Our findings evidence the presence of VPAC1 and VPAC2 receptors in human osteoclast precursors and mature osteoclast differentiated in vitro, in accordance with those previously described in mouse and rat bone marrow-derived osteoclasts [28,38,42,43]. We also found that VIP receptor transcripts levels were reduced at the end of the differentiation process, showing an expression pattern consistent with that recently described in the differentiation of mouse pre-osteoclasts from bone marrow-derived macrophages [38]. These results are also in accordance with the lesser expression of VIP receptors in the human monocyte to macrophage differentiation in vitro [44], suggesting that the myeloid cell differentiation process would entail a reduction in the expression of VPAC1 and VPAC2. However, further studies are needed to determine the functional implications of these changes in the expression pattern of VIP receptors.

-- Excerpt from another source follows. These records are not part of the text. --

definition biseqs :: "(int \<Rightarrow> int) set" where
  "biseqs = {a. \<forall>i. a i \<in> symA}"

text \<open>Finite strings are lists in chronological order (oldest first, last element = a_{-1}).
  concat_past z v is the past z v ending with v, preceded by z.\<close>
definition concat_past :: "(nat \<Rightarrow> int) \<Rightarrow> int list \<Rightarrow> (nat \<Rightarrow> int)" where
  "concat_past z v = (\<lambda>k. if k < length v then v ! (length v - 1 - k) else z (k - length v))"

definition is_kernel :: "(int \<Rightarrow> (nat \<Rightarrow> int) \<Rightarrow> real) \<Rightarrow> bool" where
  "is_kernel P \<longleftrightarrow> (\<forall>z\<in>pasts. (\<forall>a\<in>symA. 0 \<le> P a z \<and> P a z \<le> 1) \<and> (\<Sum>a\<in>symA. P a z) = 1)"

definition alpha :: "(int \<Rightarrow> (nat \<Rightarrow> int) \<Rightarrow> real) \<Rightarrow> int \<Rightarrow> real" where
  "alpha P a = (INF z\<in>pasts. P a z)"

definition alpha_m1 :: "(int \<Rightarrow> (nat \<Rightarrow> int) \<Rightarrow> real) \<Rightarrow> real" where
  "alpha_m1 P = alpha P (-1) + alpha P 1"

definition T_sigma :: "real \<Rightarrow> (nat \<Rightarrow> int) \<Rightarrow> enat" where
  "T_sigma \<sigma> a = Inf {enat k | k. k \<ge> 1 \<and>
      (\<Sum>i<k. (if a i = 1 then 1 else 0 :: real)) / real k \<ge> \<sigma>}"

text \<open>Elements of a context tree: finite strings (Inl) or pasts (Inr).\<close>
type_synonym ctx = "int list + (nat \<Rightarrow> int)"

text \<open>The finite string a_{-n}^{-1} (chronological order).\<close>
definition suffix_string :: "(nat \<Rightarrow> int) \<Rightarrow> nat \<Rightarrow> int list" where
  "suffix_string a n = rev (map a [0..<n])"

definition tau :: "real \<Rightarrow> ctx set" where
  "tau \<sigma> = {Inl (suffix_string a n) | a n. a \<in> pasts \<and> T_sigma \<sigma> a = enat n}
          \<union> {Inr a | a. a \<in> pasts \<and> T_sigma \<sigma> a = \<infinity>}"

definition c_tau :: "real \<Rightarrow> (nat \<Rightarrow> int) \<Rightarrow> ctx" where
  "c_tau \<sigma> a = (case T_sigma \<sigma> a of enat n \<Rightarrow> Inl (suffix_string a n) | \<infinity> \<Rightarrow> Inr a)"

definition ctx_len :: "ctx \<Rightarrow> enat" where
  "ctx_len c = (case c of Inl v \<Rightarrow> enat (length v) | Inr _ \<Rightarrow> \<infinity>)"

definition skel_p :: "(int \<Rightarrow> (nat \<Rightarrow> int) \<Rightarrow> real) \<Rightarrow> int \<Rightarrow> ctx \<Rightarrow> real" where
  "skel_p P a c = (case c of Inl v \<Rightarrow> (INF z\<in>pasts. P a (concat_past z v)) | Inr u \<Rightarrow> P a u)"

text \<open>Y_i from U_i, with enumeration a1, a2 of A; None stands for the symbol star.\<close>
definition Yvar :: "(int \<Rightarrow> (nat \<Rightarrow> int) \<Rightarrow> real) \<Rightarrow> int \<Rightarrow> int \<Rightarrow> real \<Rightarrow> int option" where
  "Yvar P a1 a2 u = (if u < alpha P a1 then Some a1
                     else if u < alpha_m1 P then Some a2 else None)"

definition Yfill :: "(int \<Rightarrow> int option) \<Rightarrow> (int \<Rightarrow> int) \<Rightarrow> int \<Rightarrow> int" where
  "Yfill y a i = (case y i of Some b \<Rightarrow> b | None \<Rightarrow> a i)"

definition c_n :: "real \<Rightarrow> (int \<Rightarrow> int option) \<Rightarrow> int \<Rightarrow> enat" where
  "c_n \<sigma> y n = (SUP a\<in>biseqs. ctx_len (c_tau \<sigma> (\<lambda>k. Yfill y a (n - int k))))"

text \<open>Good coalescence time; sup of the empty set is -infinity.\<close>
definition theta_bar :: "real \<Rightarrow> (int \<Rightarrow> int option) \<Rightarrow> int \<Rightarrow> ereal" where
  "theta_bar \<sigma> y m = Sup ((\<lambda>i. ereal (real_of_int i)) `
      {i. i \<le> m \<and> (\<forall>j\<in>{i..m}. y j \<noteq> None \<or> c_n \<sigma> y j \<le> enat (nat (j - i)))})"

end

theory Submission
  imports Defs
begin

(* Read the past backwards from time 0 and let W k = sum_{t<k} (1{Y_{-t} = 1} - sigma). If Y_{-j}
   is a symbol and W j is a running maximum of W, then for every t in [-j, 0] the window of the
   last t + j symbols before t contains a fraction >= sigma of ones however the unobserved positions
   are filled in, so c^t_tau <= t + j and -j is a good time. Hence |theta[0]| >= n forces the deficit
   D_k = max_{l<=k} W l - W k to find an unobserved position whenever it vanishes during the first
   n steps. The hypothesis on the skeleton gives P(Y_i = 1) = alpha(1) > sigma, so W drifts upwards
   and exp(eta (D + 1 - sigma)), taken to be 1 at D = 0, contracts by a factor rho < 1 along the
   surviving paths: P(|theta[0]| >= n) <= rho^n. *)

lemma constant_past_in_pasts: "(\<lambda>_. 1) \<in> pasts"
  by (simp add: pasts_def symA_def)

lemma concat_past_in_pasts: "z \<in> pasts \<Longrightarrow> set v \<subseteq> symA \<Longrightarrow> concat_past z v \<in> pasts"
  by (auto simp: pasts_def concat_past_def)

lemma kernel_nonneg: "is_kernel P \<Longrightarrow> a \<in> symA \<Longrightarrow> z \<in> pasts \<Longrightarrow> 0 \<le> P a z"
  by (simp add: is_kernel_def)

When we examined the modulatory action of VIP on the in vitro differentiation of human osteoclasts, a significant decrease in the number of mature osteoclasts formed was observed, in agreement with that previously reported in studies on murine models [29,38]. The molecular mechanism potentially involved in this inhibitory action showed that VIP does not affect the gene expression of receptors for M-CSF and RANKL, two critical cytokines for inducing the differentiation process [8,45]. Given that the expression of RANKL receptor is dependent on signals induced by M-CSF [46], not finding a VIP effect on the cell-surface receptor c-Fms could explain the lack of change in transcripts for RANK. Conversely, in osteoclasts formed in the presence of VIP, we detected a decrease in the expression levels of NFTAC1 and DCSTAMP genes, identified as markers of osteoclast differentiation [8]. In this regard, the VIP-induced reduction of NFATc1 transcription factor is particularly noteworthy given that it is recognized as the master regulator of osteoclast formation and function [47]. As NFκB and c-Fos are upstream of NFATc1 [48], and VIP has been shown to prevent the NFκB and AP-1 nuclear translocation [49], this might be involved in the decreased expression of NFATc1 reported. Indeed, Qu et al. have recently reported that VIP treatment suppresses the NFκB signaling pathway in RANKL-induced rat osteoclast formation [30]. Moreover, our findings proved that VIP also inhibits the RANKL-induced activation and nuclear translocation of NFATc1, consistent with the reduced transcriptional activity of NFAT isoform c3 (NFATc3) described in primary pulmonary artery smooth muscle cells after VIP treatment [50]. Indeed, we further reported the down-regulation of the NFATc1-regulated DCSTAMP gene in the presence of VIP. DC-STAMP is a protein critical for mononuclear osteoclast fusion [51], therefore a reduction in its expression could validate the decrease of mature osteoclast number observed when precursors were exposed to VIP. Taken together, our results suggest that VIP, rather than affecting the early steps of MCSF/RANKL-mediated osteoclastogenesis, exerts its modulatory action downstream of this signaling pathway by negatively regulating NFATc1 expression and activation.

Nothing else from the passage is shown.